text \<open>A gadget for divisibility of the count by some \<open>m \<noteq> 1\<close> is hard: for \<open>m = 0\<close> it is a
  disjointness gadget, and for \<open>m > 1\<close> repeating blocks \<open>m / p\<close> times, for a prime factor \<open>p\<close>
  of \<open>m\<close>, turns it into a gadget for divisibility by \<open>p\<close>.\<close>
lemma modular_gadget_hard:
  assumes G: "gadget M I (\<lambda>c. m dvd c) L A B" and m: "m \<noteq> 1"
  shows "hard_gadget M"
proof (cases "m = 0")
  case True
  then have "gadget M I (\<lambda>c. c = 0) L A B" using G by simp
  then show ?thesis unfolding hard_gadget_def by blast
next
  case False
  obtain p where p: "prime p" "p dvd m" using prime_factor_nat[OF m] by blast
  define r where "r = m div p"
  have m_eq: "m = p * r" unfolding r_def using p by simp
  then have r: "r > 0" using False by (simp add: gr0I)
  have "(m dvd r * c) = (p dvd c)" for c using m_eq r by (simp add: mult.commute)
  then have "gadget M I (\<lambda>c. p dvd c) (r * L)
      (\<lambda>u. concat (replicate r (A u))) (\<lambda>v. concat (replicate r (B v)))"
    using gadget_repeat[OF G r] by simp
  then show ?thesis using p unfolding hard_gadget_def by blast
qed

section \<open>Gadgets are inherited along division\<close>

context
  fixes M :: "'m omonoid" and N :: "'n omonoid" and S :: "'m set" and h :: "'m \<Rightarrow> 'n"
  assumes OM: "ordered_monoid M"
    and S_sub: "S \<subseteq> carrier M" and S_unit: "unit M \<in> S"
    and S_mult: "\<And>x y. x \<in> S \<Longrightarrow> y \<in> S \<Longrightarrow> mult M x y \<in> S"
    and h_onto: "h ` S = carrier N" and h_unit: "h (unit M) = unit N"
    and h_mult: "\<And>x y. x \<in> S \<Longrightarrow> y \<in> S \<Longrightarrow> h (mult M x y) = mult N (h x) (h y)"
    and h_mono: "\<And>x y. x \<in> S \<Longrightarrow> y \<in> S \<Longrightarrow> le M x y \<Longrightarrow> le N (h x) (h y)"
begin

lemma lprod_sub: "set xs \<subseteq> S \<Longrightarrow> lprod M xs \<in> S"
  by (induction xs) (simp_all add: lprod_def S_unit S_mult)

lemma lprod_hom: "set xs \<subseteq> S \<Longrightarrow> h (lprod M xs) = lprod N (map h xs)"
  by (induction xs) (simp_all add: lprod_def h_unit h_mult lprod_sub[unfolded lprod_def])

definition pullback :: "'n set \<Rightarrow> 'm set" where
  "pullback I = {x \<in> carrier M. \<exists>s\<in>S. le M x s \<and> h s \<in> I}"

lemma pullback_ideal: "order_ideal M (pullback I)"
  unfolding order_ideal_def pullback_def using om_trans[OF OM] S_sub by blast

lemma pullback_iff:
  assumes I: "order_ideal N I" and x: "x \<in> S"
  shows "x \<in> pullback I \<longleftrightarrow> h x \<in> I"
proof
  assume "x \<in> pullback I"
  then obtain s where s: "s \<in> S" "le M x s" "h s \<in> I" unfolding pullback_def by blast
  then have "le N (h x) (h s)" using h_mono x by blast
  moreover have "h x \<in> carrier N" using x h_onto by blast
  ultimately show "h x \<in> I" using I s(3) unfolding order_ideal_def by blast
next
  assume "h x \<in> I"
  then show "x \<in> pullback I" unfolding pullback_def using x S_sub om_refl[OF OM] by blast
qed

text \<open>Lift each block letter through a section of \<open>h\<close>; products of lifted blocks map onto the
  original products, so the pulled-back ideal recognises them in the same way.\<close>
lemma gadget_lift:
  assumes G: "gadget N I P L A B"
  shows "\<exists>I' A' B'. gadget M I' P L A' B'"
proof -
  define g where "g y = (SOME x. x \<in> S \<and> h x = y)" for y
  have g: "g y \<in> S \<and> h (g y) = y" if "y \<in> carrier N" for y
  proof -
    have "\<exists>x. x \<in> S \<and> h x = y" using that h_onto by (metis imageE)
    then show ?thesis unfolding g_def by (rule someI_ex)
  qed
  define A' where "A' u = map g (A u)" for u
  define B' where "B' u = map g (B u)" for u
  have gS: "g y \<in> S" if "y \<in> carrier N" for y using g[OF that] by simp
  have setA': "set (A' u) \<subseteq> S" for u
    unfolding A'_def using gS gadgetD(5)[OF G] by auto
  have setB': "set (B' u) \<subseteq> S" for u
    unfolding B'_def using gS gadgetD(6)[OF G] by auto
  have hA: "map h (A' u) = A u" and hB: "map h (B' u) = B u" for u
    unfolding A'_def B'_def map_map
    by (rule map_idI, use g gadgetD(5,6)[OF G] in force)+
  have lenA': "length (A' u) = L" and lenB': "length (B' u) = L" for u
    unfolding A'_def B'_def using gadgetD(3,4)[OF G] by simp_all
  have blocks_sub: "set (interleave (A' u) (B' v)) \<subseteq> S" for u v
    using interleave_set[of "A' u" "B' v"] setA'[of u] setB'[of v] by blast
  have blocks_hom: "map h (interleave (A' u) (B' v)) = interleave (A u) (B v)" for u v
    using interleave_map[of "A' u" "B' v" h] lenA' lenB' hA hB by simp
  have "gadget M (pullback I) P L A' B'"
    unfolding gadget_def
  proof (intro conjI allI impI)
    show "order_ideal M (pullback I)" by (rule pullback_ideal)
    show "0 < L" using gadgetD(2)[OF G] .
    fix u
    show "length (A' u) = L" "length (B' u) = L" using lenA' lenB' by simp_all
    show "set (A' u) \<subseteq> carrier M" "set (B' u) \<subseteq> carrier M" using setA' setB' S_sub by blast+
  next
    fix ps :: "(bool \<times> bool) list" assume ne: "ps \<noteq> []"
    define xs where "xs = concat (map (\<lambda>(u, v). interleave (A' u) (B' v)) ps)"
    have sx: "set xs \<subseteq> S" unfolding xs_def using blocks_sub by auto
    have "map h xs = concat (map (\<lambda>(u, v). interleave (A u) (B v)) ps)"
      unfolding xs_def map_concat by (simp add: split_def blocks_hom comp_def)
    then have "h (lprod M xs) = lprod N (concat (map (\<lambda>(u, v). interleave (A u) (B v)) ps))"
      using lprod_hom[OF sx] by simp
    then have "lprod M xs \<in> pullback I \<longleftrightarrow> P (length (filter (\<lambda>(u, v). u \<and> v) ps))"
      using pullback_iff[OF gadgetD(1)[OF G] lprod_sub[OF sx]] gadgetD(7)[OF G ne] by simp
    then show "(lprod M (concat (map (\<lambda>(u, v). interleave (A' u) (B' v)) ps)) \<in> pullback I) =
          P (length (filter (\<lambda>(u, v). u \<and> v) ps))"
      unfolding xs_def .
  qed
  then show ?thesis by blast
qed

end

lemma hard_gadget_divides:
  assumes OM: "ordered_monoid M" and D: "odivides N M" and H: "hard_gadget N"
  shows "hard_gadget M"
proof -
  obtain S h where "S \<subseteq> carrier M" "unit M \<in> S" "\<forall>x\<in>S. \<forall>y\<in>S. mult M x y \<in> S"
    "h ` S = carrier N" "h (unit M) = unit N" "\<forall>x\<in>S. \<forall>y\<in>S. h (mult M x y) = mult N (h x) (h y)"
    "\<forall>x\<in>S. \<forall>y\<in>S. le M x y \<longrightarrow> le N (h x) (h y)"
    using D unfolding odivides_def by (elim exE conjE) blast
  note div = this
  have lift: "\<exists>I' A' B'. gadget M I' P L A' B'" if "gadget N I P L A B" for I P L A B
    by (rule gadget_lift[OF OM div(1,2) _ div(4,5) _ _ that]) (use div in blast)+
  from H consider (disj) I L A B where "gadget N I (\<lambda>c. c = 0) L A B"
    | (modp) p I L A B where "prime p" "gadget N I (\<lambda>c. p dvd c) L A B"
    unfolding hard_gadget_def by blast
  then show ?thesis
  proof cases
    case disj
    then show ?thesis using lift unfolding hard_gadget_def by blast
  next
    case modp
    then obtain I' A' B' where "gadget M I' (\<lambda>c. p dvd c) L A' B'" using lift by blast
    then show ?thesis using modp(1) unfolding hard_gadget_def by blast
  qed
qed

section \<open>Syntactic monoids of languages avoiding \<open>aa\<close>\<close>

text \<open>Basic facts on the syntactic preorder and its classes: the preorder is a congruence, so
  the class of a concatenation is the product of the classes.\<close>

lemma synle_refl: "synle L x x" unfolding synle_def by simp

◆ Task details
Could you state how many lines of the data include the word "shows"? Only the number is needed.

◆ Solution to this task
4